Every line in the listing below from the one with "by (simp add: matrix_vector_mul_assoc" through the one with "A ** (matrix_inv" is to be reproduced exactly, both ends included; leave out the rest.

[WORKING DATA Boundary: Start]

lemma Gmat_KI_kappa:
  fixes U :: "(real, 'n::{finite,linorder}) vec \<Rightarrow> real"
    and KI :: "((real, 'm::{finite,linorder}) vec, 'm) vec"
  assumes "Gperp_zero TYPE('m) (grad U qs)" and "CARD('m) \<le> CARD('n)" and "invertible KI"
  shows "(Gmat :: ((real, 'm) vec, 'n) vec) *v (KI *v (transpose Gmat *v qs + kappa KI U qs))
    = - grad U qs"
proof -
  let ?G = "Gmat :: ((real, 'm) vec, 'n) vec"
  have "transpose ?G *v qs + kappa KI U qs = - (matrix_inv KI *v (transpose ?G *v grad U qs))"
    by (simp add: kappa_def)
  then have "KI *v (transpose ?G *v qs + kappa KI U qs) = - (transpose ?G *v grad U qs)"
    by (simp add: matrix_vector_mul_assoc matrix_mul_assoc matrix_inv_right_left assms(3))
  then show ?thesis using Gmat_transpose_Gmat_Gperp_zero[OF assms(1,2)] by simp
qed

lemma matrix_inv_sandwich:
  fixes A Q :: "real^'n^'n"
  assumes "invertible A" and "invertible (A + Q)"
  shows "matrix_inv (A ** matrix_inv (A + Q) ** A)
    = matrix_inv A + matrix_inv A ** Q ** matrix_inv A"
proof (rule matrix_inv_eqI)
  let ?N = "matrix_inv A + matrix_inv A ** Q ** matrix_inv A"
  have AN: "A ** ?N = (A + Q) ** matrix_inv A"
    by (simp add: matrix_add_ldistrib matrix_add_rdistrib matrix_mul_assoc
        matrix_inv_right_left assms(1))
  have "A ** matrix_inv (A + Q) ** A ** ?N = A ** matrix_inv (A + Q) ** (A ** ?N)"
    by (simp only: matrix_mul_assoc)
  also have "\<dots> = A ** (matrix_inv (A + Q) ** (A + Q)) ** matrix_inv A"
    by (simp only: AN matrix_mul_assoc)
  also have "\<dots> = mat 1" by (simp add: matrix_inv_right_left assms)
  finally show "A ** matrix_inv (A + Q) ** A ** ?N = mat 1" .
qed

locale pid_closed_loop =
  fixes M :: "(real, 'n::{finite,linorder}) vec \<Rightarrow> ((real, 'n) vec, 'n) vec"
    and D :: "(real, 'n) vec \<Rightarrow> (real, 'n) vec \<Rightarrow> ((real, 'n) vec, 'n) vec"
    and U :: "(real, 'n) vec \<Rightarrow> real"
    and KP KI KD :: "((real, 'm::{finite,linorder}) vec, 'm) vec"
    and \<kappa> :: "(real, 'm) vec"
  assumes M_C2: "C2 M" and M_pd: "\<And>q. pos_def (M q)"
    and D_psd: "\<And>q p. psd (D q p)" and U_C2: "C2 U"
    and KP_psd: "psd KP" and KI_pd: "pos_def KI" and KD_psd: "psd KD"
begin

abbreviation G :: "((real, 'm) vec, 'n) vec" where "G \<equiv> Gmat"

abbreviation Minv' :: "(real, 'n) vec \<Rightarrow> (real, 'n) vec \<Rightarrow> ((real, 'n) vec, 'n) vec" where
  "Minv' x \<equiv> frechet_derivative (\<lambda>q. matrix_inv (M q)) (at x)"

lemma invertible_M: "invertible (M q)"
  using M_pd pos_def_invertible by blast

lemma symmetric_Minv: "transpose (matrix_inv (M q)) = matrix_inv (M q)"
  using symmetric_matrix_inv invertible_M M_pd pos_def_symmetric by blast

lemma has_derivative_Minv: "((\<lambda>q. matrix_inv (M q)) has_derivative Minv' x) (at x)"
  using differentiable_matrix_inv[of M x] M_C2 invertible_M
  unfolding C2_def by (simp add: frechet_derivative_works)

lemma linear_Minv': "Minv' x (c *\<^sub>R h) = c *\<^sub>R Minv' x h"
  using has_derivative_Minv[THEN has_derivative_linear] by (simp add: linear_cmul)

lemma grad_Ham_p: "grad (\<lambda>p. Ham M U q p) p = matrix_inv (M q) *v p"
  unfolding Ham_def
  by (intro grad_eqI has_derivative_add_const has_derivative_quadratic_form symmetric_Minv)

lemma has_derivative_Ham_q:
  "((\<lambda>x. Ham M U x p) has_derivative
     (\<lambda>h. 1/2 * (p \<bullet> (Minv' q h *v p)) + frechet_derivative U (at q) h)) (at q)"
proof -
  have "((\<lambda>x. 1/2 * (p \<bullet> (matrix_inv (M x) *v p)) + U x) has_derivative
     (\<lambda>h. 1/2 * (p \<bullet> (matrix_inv (M q) *v 0 + Minv' q h *v p)) + frechet_derivative U (at q) h)) (at q)"
    by (intro derivative_intros has_derivative_Minv C2_has_derivative[OF U_C2])
  then show ?thesis unfolding Ham_def by simp
qed

lemma Ham_has_real_derivative_along:
  assumes dq: "(q has_vector_derivative q') (at t within S)"
    and dp: "(p has_vector_derivative p') (at t within S)"
  shows "((\<lambda>s. Ham M U (q s) (p s)) has_real_derivative
      grad (\<lambda>x. Ham M U x (p t)) (q t) \<bullet> q' + (matrix_inv (M (q t)) *v p t) \<bullet> p') (at t within S)"
proof -
  note dq = dq[unfolded has_vector_derivative_def] and dp = dp[unfolded has_vector_derivative_def]
  have U': "frechet_derivative U (at (q t)) (c *\<^sub>R h) = c * frechet_derivative U (at (q t)) h" for c h
    using C2_has_derivative[OF U_C2, THEN has_derivative_linear] by (simp add: linear_cmul)
  have "((\<lambda>s. 1/2 * (p s \<bullet> (matrix_inv (M (q s)) *v p s)) + U (q s)) has_derivative
     (\<lambda>h. 1/2 * (p t \<bullet> (matrix_inv (M (q t)) *v (h *\<^sub>R p') + Minv' (q t) (h *\<^sub>R q') *v p t)
            + (h *\<^sub>R p') \<bullet> (matrix_inv (M (q t)) *v p t))
          + frechet_derivative U (at (q t)) (h *\<^sub>R q'))) (at t within S)"
    by (intro derivative_intros dp has_derivative_compose[OF dq has_derivative_Minv]
        has_derivative_compose[OF dq C2_has_derivative[OF U_C2]])
  moreover have "1/2 * (p t \<bullet> (matrix_inv (M (q t)) *v (h *\<^sub>R p') + Minv' (q t) (h *\<^sub>R q') *v p t)
            + (h *\<^sub>R p') \<bullet> (matrix_inv (M (q t)) *v p t))
          + frechet_derivative U (at (q t)) (h *\<^sub>R q')
      = (grad (\<lambda>x. Ham M U x (p t)) (q t) \<bullet> q' + (matrix_inv (M (q t)) *v p t) \<bullet> p') * h" for h
  proof -
    have "grad (\<lambda>x. Ham M U x (p t)) (q t) \<bullet> q'
        = 1/2 * (p t \<bullet> (Minv' (q t) q' *v p t)) + frechet_derivative U (at (q t)) q'"
      by (rule grad_inner[OF has_derivative_Ham_q])
    moreover have "p t \<bullet> (matrix_inv (M (q t)) *v p') = (matrix_inv (M (q t)) *v p t) \<bullet> p'"
      using symmetric_inner_commute[OF symmetric_Minv] by (simp add: inner_commute)
    ultimately show ?thesis
      by (simp add: linear_Minv' U' scaleR_matrix_vector_assoc[symmetric] inner_commute[of p']
          algebra_simps)
  qed
  ultimately show ?thesis
    unfolding Ham_def has_field_derivative_def by (simp add: fun_eq_iff[symmetric])
qed

lemma has_derivative_yout_q:
  "((\<lambda>x. yout M x p :: (real, 'm) vec) has_derivative
     (\<lambda>h. transpose G *v (Minv' q h *v p))) (at q)"
proof -
  have "((\<lambda>x. transpose G *v (matrix_inv (M x) *v p)) has_derivative
     (\<lambda>h. transpose G *v (matrix_inv (M q) *v 0 + Minv' q h *v p))) (at q)"
    by (intro derivative_intros has_derivative_Minv)
  then show ?thesis unfolding yout_def by simp
qed

lemma yout_has_vector_derivative_along:
  assumes dq: "(q has_vector_derivative q') (at t within S)"
    and dp: "(p has_vector_derivative p') (at t within S)"
  shows "((\<lambda>s. yout M (q s) (p s) :: (real, 'm) vec) has_vector_derivative
      jac (\<lambda>x. yout M x (p t) :: (real, 'm) vec) (q t) *v q' + transpose G *v (matrix_inv (M (q t)) *v p'))
    (at t within S)"
proof -
  note dq = dq[unfolded has_vector_derivative_def] and dp = dp[unfolded has_vector_derivative_def]
  have "((\<lambda>s. transpose G *v (matrix_inv (M (q s)) *v p s)) has_derivative
     (\<lambda>h. transpose G *v (matrix_inv (M (q t)) *v (h *\<^sub>R p') + Minv' (q t) (h *\<^sub>R q') *v p t)))
     (at t within S)"
    by (intro derivative_intros dp has_derivative_compose[OF dq has_derivative_Minv])
  then show ?thesis
    unfolding has_vector_derivative_def yout_def
      jac_matrix_vector_mult[OF has_derivative_yout_q[unfolded yout_def]]
    by (simp add: linear_Minv' matrix_vector_mult_scaleR scaleR_matrix_vector_assoc[symmetric]
        matrix_vector_right_distrib scaleR_add_right add.commute)
qed
(* Let $n=2$, $m=1$, $c_1=10$, so $\mathcal{X}=\{0,1,\dots,10\}$. Suppose bidder 2 answers every demand query at price $p\ge0$ as follows: if $p<94/10$ she answers $10$; if $p=94/10$ she answers either $10$ or $0$; if $p>94/10$ she answers $0$. Let $\{p^1,\dots,p^{\ell}\}\subset[0,\infty)$ be the finite set of prices at which bidder 2 is queried, with responses $x_2^*(p^r)$. For $\lambda>0$ let $\theta^*$ be any (local) minimizer of the L2-regularized loss $$L^{\lambda}(\theta)=\sum_{r=1}^{\ell}\Big(\mathcal{M}_\theta(\hat x_2^*(p^r))-p^r\hat x_2^*(p^r)-\big(\mathcal{M}_\theta(x_2^*(p^r))-p^r x_2^*(p^r)\big)\Big)^+ +\lambda\|\theta\|_2^2,$$ where $\hat x_2^*(p^r)\in\arg\max_{x\in\mathcal{X}}\big(\mathcal{M}_\theta(x)-p^r x\big)$ and $\mathcal{M}_\theta$ is an MVNN. Then the MVNN $\mathcal{M}_{\theta^*}:\mathcal{X}\to\mathbb{R}$ is linear.
   Context: An MVNN (monotone-value neural network) on $\mathcal{X}=\{0,\dots,c_1\}\times\cdots\times\{0,\dots,c_m\}$ with parameters $\theta=(W,b)$ is $\mathcal{M}_\theta(x)=W^{K}\varphi_{0,t^{K-1}}\big(\cdots\varphi_{0,t^{1}}(W^{1}(Dx)+b^{1})\cdots\big)$, where $D=\mathrm{diag}(1/c_1,\dots,1/c_m)$ is a fixed normalization, the weight matrices $W^k$ (trainable) have nonnegative entries, the biases $b^k$ (trainable) have nonpositive entries, and the activation is the bounded ReLU $\varphi_{0,t}(z)=\min(t,\max(0,z))$ applied componentwise with fixed cutoffs $t^k>0$ (no linear skip connections). $\|\theta\|_2^2$ is the sum of squares of all weights and biases. "Linear" means $\mathcal{M}_{\theta^*}(x)=\alpha x$ for all $x\in\mathcal{X}$, for some constant $\alpha$. $(\cdot)^+=\max(\cdot,0)$. *)

theory Defs
  imports Complex_Main
begin

text \<open>Parameters of an MVNN: weights W k i j (layer k = 1..K, row i < d k, column j < d (k-1))
 and biases b k i (layer k = 1..K-1, i < d k).  Architecture: K layers, widths d, cutoffs t.\<close>

type_synonym params = "(nat \<Rightarrow> nat \<Rightarrow> nat \<Rightarrow> real) \<times> (nat \<Rightarrow> nat \<Rightarrow> real)"

definition brelu :: "real \<Rightarrow> real \<Rightarrow> real" where
  "brelu t z = min t (max 0 z)"

text \<open>Hidden layer values; input dimension m = 1 and D = diag(1/c_1) with c_1 = 10.\<close>
fun hidden :: "(nat \<Rightarrow> nat) \<Rightarrow> (nat \<Rightarrow> real) \<Rightarrow> params \<Rightarrow> nat \<Rightarrow> nat \<Rightarrow> nat \<Rightarrow> real" where
  "hidden d t \<theta> x 0 = (\<lambda>j. if j = 0 then real x / 10 else 0)"
| "hidden d t \<theta> x (Suc k) = (\<lambda>i. brelu (t (Suc k))
      ((\<Sum>j<d k. fst \<theta> (Suc k) i j * hidden d t \<theta> x k j) + snd \<theta> (Suc k) i))"

definition mvnn :: "nat \<Rightarrow> (nat \<Rightarrow> nat) \<Rightarrow> (nat \<Rightarrow> real) \<Rightarrow> params \<Rightarrow> nat \<Rightarrow> real" where
  "mvnn K d t \<theta> x = (\<Sum>j<d (K - 1). fst \<theta> K 0 j * hidden d t \<theta> x (K - 1) j)"

text \<open>Admissible parameters: nonnegative weights, nonpositive biases, all entries outside
 the architecture's index ranges equal to zero (so the parameter space is a finite-dimensional
 Euclidean space).\<close>
definition admissible :: "nat \<Rightarrow> (nat \<Rightarrow> nat) \<Rightarrow> params \<Rightarrow> bool" where
  "admissible K d \<theta> \<longleftrightarrow>
     (\<forall>k i j. (1 \<le> k \<and> k \<le> K \<and> i < d k \<and> j < d (k - 1)) \<longrightarrow> fst \<theta> k i j \<ge> 0) \<and>
     (\<forall>k i j. \<not> (1 \<le> k \<and> k \<le> K \<and> i < d k \<and> j < d (k - 1)) \<longrightarrow> fst \<theta> k i j = 0) \<and>
     (\<forall>k i. (1 \<le> k \<and> k < K \<and> i < d k) \<longrightarrow> snd \<theta> k i \<le> 0) \<and>
     (\<forall>k i. \<not> (1 \<le> k \<and> k < K \<and> i < d k) \<longrightarrow> snd \<theta> k i = 0)"

definition param_normsq :: "nat \<Rightarrow> (nat \<Rightarrow> nat) \<Rightarrow> params \<Rightarrow> real" where
  "param_normsq K d \<theta> =
     (\<Sum>k\<in>{1..K}. \<Sum>i<d k. \<Sum>j<d (k - 1). (fst \<theta> k i j)\<^sup>2) +
     (\<Sum>k\<in>{1..<K}. \<Sum>i<d k. (snd \<theta> k i)\<^sup>2)"

definition param_diff :: "params \<Rightarrow> params \<Rightarrow> params" where
  "param_diff \<theta> \<eta> = ((\<lambda>k i j. fst \<theta> k i j - fst \<eta> k i j), (\<lambda>k i. snd \<theta> k i - snd \<eta> k i))"

definition pos_part :: "real \<Rightarrow> real" where
  "pos_part z = max z 0"

text \<open>The L2-regularised loss; xhat \<theta> p is the chosen argmax of x \<mapsto> M_\<theta>(x) - p x on X,
 resp p is bidder 2's reported demand at price p.\<close>
definition loss :: "nat \<Rightarrow> (nat \<Rightarrow> nat) \<Rightarrow> (nat \<Rightarrow> real) \<Rightarrow> real set \<Rightarrow> (real \<Rightarrow> nat)
    \<Rightarrow> (params \<Rightarrow> real \<Rightarrow> nat) \<Rightarrow> real \<Rightarrow> params \<Rightarrow> real" where
  "loss K d t Ps resp xhat lam \<theta> =
     (\<Sum>p\<in>Ps. pos_part ((mvnn K d t \<theta> (xhat \<theta> p) - p * real (xhat \<theta> p))
                       - (mvnn K d t \<theta> (resp p) - p * real (resp p))))
     + lam * param_normsq K d \<theta>"

end

theory Submission
  imports Defs
begin

text \<open>
Only the fact that every reported demand is 0 or 10 matters.  The data term of the loss then
sees the network M only through M 0 = 0, M 10 and the maxima over x of M x - p x.  It does not
increase if M 10 is kept and every new value M' x is at most M x or at most x/10 * M 10, since
x/10 * M 10 - p x is bounded by its values at x = 0 and x = 10.

We perturb a single neuron (k, i), replacing its weights w and bias b by (1 - \<eta>) w and
(1 - \<eta>) b + \<eta> a.  With a = 0 this lowers the network pointwise and, for a nonzero row,
strictly lowers the L2 norm; if the neuron is inactive or saturated at input 10, M 10 is
unchanged, contradicting local minimality.  So at input 10 no neuron saturates, and every
neuron with nonzero bias is active.  For such a neuron (b < 0) we take for a its preactivation
at 10: everything at input 10 stays fixed while weight mass moves into the bias, so the norm
drops; and as an unsaturated network with nonpositive biases is subhomogeneous on [0, 10], the
data term again does not increase.  Hence all biases vanish, and a network with zero biases
that does not saturate at 10 is linear on [0, 10].
\<close>

definition preact :: "(nat \<Rightarrow> nat) \<Rightarrow> (nat \<Rightarrow> real) \<Rightarrow> params \<Rightarrow> nat \<Rightarrow> nat \<Rightarrow> nat \<Rightarrow> real" where
  "preact d t \<theta> x k i = (\<Sum>j<d (k - 1). fst \<theta> k i j * hidden d t \<theta> x (k - 1) j) + snd \<theta> k i"

lemma hidden_preact: "0 < k \<Longrightarrow> hidden d t \<theta> x k i = brelu (t k) (preact d t \<theta> x k i)"
  by (cases k) (simp_all add: preact_def)

declare hidden.simps(2) [simp del]

lemma brelu_mono: "z \<le> z' \<Longrightarrow> brelu t z \<le> brelu t z'"
  unfolding brelu_def by auto

lemma brelu_nonneg: "0 \<le> t \<Longrightarrow> 0 \<le> brelu t z"
  unfolding brelu_def by auto

lemma brelu_nonpos: "0 \<le> t \<Longrightarrow> z \<le> 0 \<Longrightarrow> brelu t z = 0"
  unfolding brelu_def by auto

lemma brelu_saturated: "0 \<le> t \<Longrightarrow> t \<le> z \<Longrightarrow> brelu t z = t"
  unfolding brelu_def by auto

lemma brelu_scale_le_self:
  assumes "0 \<le> s" "s \<le> 1" "0 \<le> t"
  shows "brelu t (s * z) \<le> brelu t z"
proof (cases "z \<le> 0")
  case True
  then show ?thesis using assms by (simp add: brelu_nonpos brelu_nonneg mult_nonneg_nonpos)
next
  case False
  then show ?thesis using assms by (intro brelu_mono) (simp add: mult_left_le_one_le)
qed

lemma brelu_scale_le:
  assumes "0 \<le> s" "0 \<le> t" "z \<le> t"
  shows "brelu t (s * z) \<le> s * brelu t z"
proof (cases "z \<le> 0")
  case True
  then show ?thesis using assms by (simp add: brelu_nonpos brelu_nonneg mult_nonneg_nonpos)
next
  case False
  then have "brelu t z = z" using assms unfolding brelu_def by simp
  then show ?thesis using assms False unfolding brelu_def by simp
qed

lemma brelu_scale_ge:
  assumes "0 \<le> s" "s \<le> 1" "0 \<le> t"
  shows "s * brelu t z \<le> brelu t (s * z)"
proof (cases "z \<le> 0")
  case True
  then show ?thesis using assms by (simp add: brelu_nonpos brelu_nonneg mult_nonneg_nonpos)
next
  case False
  have "s * z \<le> z" using assms False by (simp add: mult_left_le_one_le)
  then have "s * min t z \<le> min t (s * z)"
    using assms by (auto simp: min_def mult_left_le_one_le mult_left_mono)
  then show ?thesis using assms False unfolding brelu_def by simp
qed

lemma eventually_brelu_shrink_eq:
  assumes "0 < t" "z \<le> 0 \<or> t < z"
  shows "\<forall>\<^sub>F \<eta> in at_right 0. brelu t ((1 - \<eta>) * z) = brelu t z"
proof (cases "z \<le> 0")
  case True
  show ?thesis
    using eventually_at_right_real[OF zero_less_one]
  proof eventually_elim
    case (elim \<eta>)
    then show ?case using True assms(1) by (simp add: brelu_nonpos mult_nonneg_nonpos)
  qed
next
  case False
  then have "t < z" using assms(2) by simp
  have "((\<lambda>\<eta>. (1 - \<eta>) * z) \<longlongrightarrow> (1 - 0) * z) (at_right 0)"
    by (intro tendsto_intros)
  then have "\<forall>\<^sub>F \<eta> in at_right 0. t < (1 - \<eta>) * z"
    using \<open>t < z\<close> by (intro order_tendstoD(1)) simp_all
  then show ?thesis
  proof eventually_elim
    case (elim \<eta>)
    then show ?case using \<open>t < z\<close> assms(1) by (simp add: brelu_saturated)
  qed
qed

lemma admissible_weight_nonneg: "admissible K d \<theta> \<Longrightarrow> 0 \<le> fst \<theta> k i j"
  unfolding admissible_def by (cases "1 \<le> k \<and> k \<le> K \<and> i < d k \<and> j < d (k - 1)") auto

lemma admissible_bias_nonpos: "admissible K d \<theta> \<Longrightarrow> snd \<theta> k i \<le> 0"
  unfolding admissible_def by (cases "1 \<le> k \<and> k < K \<and> i < d k") auto

lemma hidden_eq_below:
  assumes "\<forall>m'\<le>m. fst \<theta>' m' = fst \<theta> m' \<and> snd \<theta>' m' = snd \<theta> m'"
  shows "hidden d t \<theta>' x m = hidden d t \<theta> x m"
  using assms by (induction m) (auto simp: hidden.simps(2))

lemma hidden_eq_above:
  assumes "\<forall>m'>k. fst \<theta>' m' = fst \<theta> m' \<and> snd \<theta>' m' = snd \<theta> m'"
    and "hidden d t \<theta>' x k = hidden d t \<theta> x k" and "k \<le> m"
  shows "hidden d t \<theta>' x m = hidden d t \<theta> x m"
  using assms(3)
proof (induction m rule: dec_induct)
  case base
  then show ?case using assms(2) .
next
  case (step m)
  then show ?case using assms(1) by (auto simp: hidden.simps(2))
qed

lemma hidden_mono_above:
  assumes "\<forall>m'>k. fst \<theta>' m' = fst \<theta> m' \<and> snd \<theta>' m' = snd \<theta> m'"
    and "\<forall>m'>k. \<forall>i j. 0 \<le> fst \<theta> m' i j"
    and "\<forall>j. hidden d t \<theta>' x k j \<le> hidden d t \<theta> x k j" and "k \<le> m"
  shows "hidden d t \<theta>' x m j \<le> hidden d t \<theta> x m j"
  using assms(4)
proof (induction m arbitrary: j rule: dec_induct)
  case base
  then show ?case using assms(3) by blast
next
  case (step m)
  then have "preact d t \<theta>' x (Suc m) j \<le> preact d t \<theta> x (Suc m) j"
    using assms(1,2) unfolding preact_def by (auto intro!: sum_mono mult_left_mono)
  then show ?case by (simp add: hidden_preact brelu_mono)
qed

[WORKING DATA Boundary: End]

**ANSWER SECTION**
    by (simp add: matrix_vector_mul_assoc matrix_mul_assoc matrix_inv_right_left assms(3))
  then show ?thesis using Gmat_transpose_Gmat_Gperp_zero[OF assms(1,2)] by simp
qed

lemma matrix_inv_sandwich:
  fixes A Q :: "real^'n^'n"
  assumes "invertible A" and "invertible (A + Q)"
  shows "matrix_inv (A ** matrix_inv (A + Q) ** A)
    = matrix_inv A + matrix_inv A ** Q ** matrix_inv A"
proof (rule matrix_inv_eqI)
  let ?N = "matrix_inv A + matrix_inv A ** Q ** matrix_inv A"
  have AN: "A ** ?N = (A + Q) ** matrix_inv A"
    by (simp add: matrix_add_ldistrib matrix_add_rdistrib matrix_mul_assoc
        matrix_inv_right_left assms(1))
  have "A ** matrix_inv (A + Q) ** A ** ?N = A ** matrix_inv (A + Q) ** (A ** ?N)"
    by (simp only: matrix_mul_assoc)
  also have "\<dots> = A ** (matrix_inv (A + Q) ** (A + Q)) ** matrix_inv A"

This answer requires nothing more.